EXERCISE AIM :: Exactly and only the lines from the one containing "theory Defs" through the close of the entries below are to be set down.

TASK INPUTS ::
(* The static quadratic game in which each player $n=1,\ldots,N$ solves \[ \min_{\delta u_{n,:}} \; J_n(\bar u) + \frac{\partial J_n(\bar u)}{\partial u}\,\delta u + \frac{1}{2}\,\delta u^\top \frac{\partial^2 J_n(\bar u)}{\partial u^2}\,\delta u \] (whose stacked first-order conditions are exactly the Newton step $\frac{\partial \mathcal{J}(\bar u)}{\partial u}\delta u = -\mathcal{J}(\bar u)$) is equivalent to the dynamic game in which each player $n$ solves \[ \min_{\delta u_{n,:}} \; \frac{1}{2}\sum_{k=0}^T\left(\begin{bmatrix}1\\ \delta x_k\\ \delta u_{:,k}\end{bmatrix}^\top M_{n,k}\begin{bmatrix}1\\ \delta x_k\\ \delta u_{:,k}\end{bmatrix} + M^{1x}_{n,k}\,\Delta x_k\right) \] subject to $\delta x_0=0$, $\Delta x_0=0$, $\delta x_{k+1}=A_k\delta x_k + B_k\delta u_{:,k}$, $\Delta x_{k+1} = A_k\Delta x_k + R_k(\delta x_k,\delta u_{:,k})$, $k=0,1,\ldots,T$.
   Context: Consider a deterministic finite-horizon dynamic game with $N$ players: state $x_k\in\mathbb{R}^{n_x}$, joint input $u_{:,k}=[u_{1,k}^\top,\ldots,u_{N,k}^\top]^\top$, dynamics $x_{k+1}=f_k(x_k,u_{:,k})$ with $x_0$ fixed, and player costs $J_n(u)=\sum_{k=0}^T c_{n,k}(x_k,u_{:,k})$, where $u$ stacks all inputs over all times and $u_{n,:}$ denotes player $n$'s inputs over all times. $\mathcal{J}(u)$ stacks the gradients $\partial J_n/\partial u_{n,:}$, $n=1,\ldots,N$. Let $(\bar x,\bar u)$ be a nominal trajectory satisfying the dynamics, $\delta u = u-\bar u$. Define, evaluated at $(\bar x,\bar u)$: $A_k=\partial f_k/\partial x_k$, $B_k=\partial f_k/\partial u_{:,k}$; $G_k^l$ the Hessian of the $l$-th component $f_k^l$ with respect to $(x_k,u_{:,k})$; $R_k(\delta x_k,\delta u_{:,k})$ the vector whose $l$-th entry is $[\delta x_k;\delta u_{:,k}]^\top G_k^l[\delta x_k;\delta u_{:,k}]$; and \[ M_{n,k}=\begin{bmatrix} 2c_{n,k} & \partial c_{n,k}/\partial x_k & \partial c_{n,k}/\partial u_{:,k}\\ (\partial c_{n,k}/\partial x_k)^\top & \partial^2 c_{n,k}/\partial x_k^2 & \partial^2 c_{n,k}/\partial x_k\partial u_{:,k}\\ (\partial c_{n,k}/\partial u_{:,k})^\top & \partial^2 c_{n,k}/\partial u_{:,k}\partial x_k & \partial^2 c_{n,k}/\partial u_{:,k}^2\end{bmatrix}, \] with block $M^{1x}_{n,k}=\partial c_{n,k}/\partial x_k$. The game states satisfy $\delta x_k=\sum_i \frac{\partial x_k}{\partial u_{:,i}}\delta u_{:,i}$ and $\Delta x_k^l=\sum_{i,j}\delta u_{:,i}^\top \frac{\partial^2 x_k^l}{\partial u_{:,i}\partial u_{:,j}}\delta u_{:,j}$. *)

theory Defs
  imports "HOL-Analysis.Analysis"
begin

SOLUTION FOR THIS PROBLEM ::
theory Defs
  imports "HOL-Analysis.Analysis"
begin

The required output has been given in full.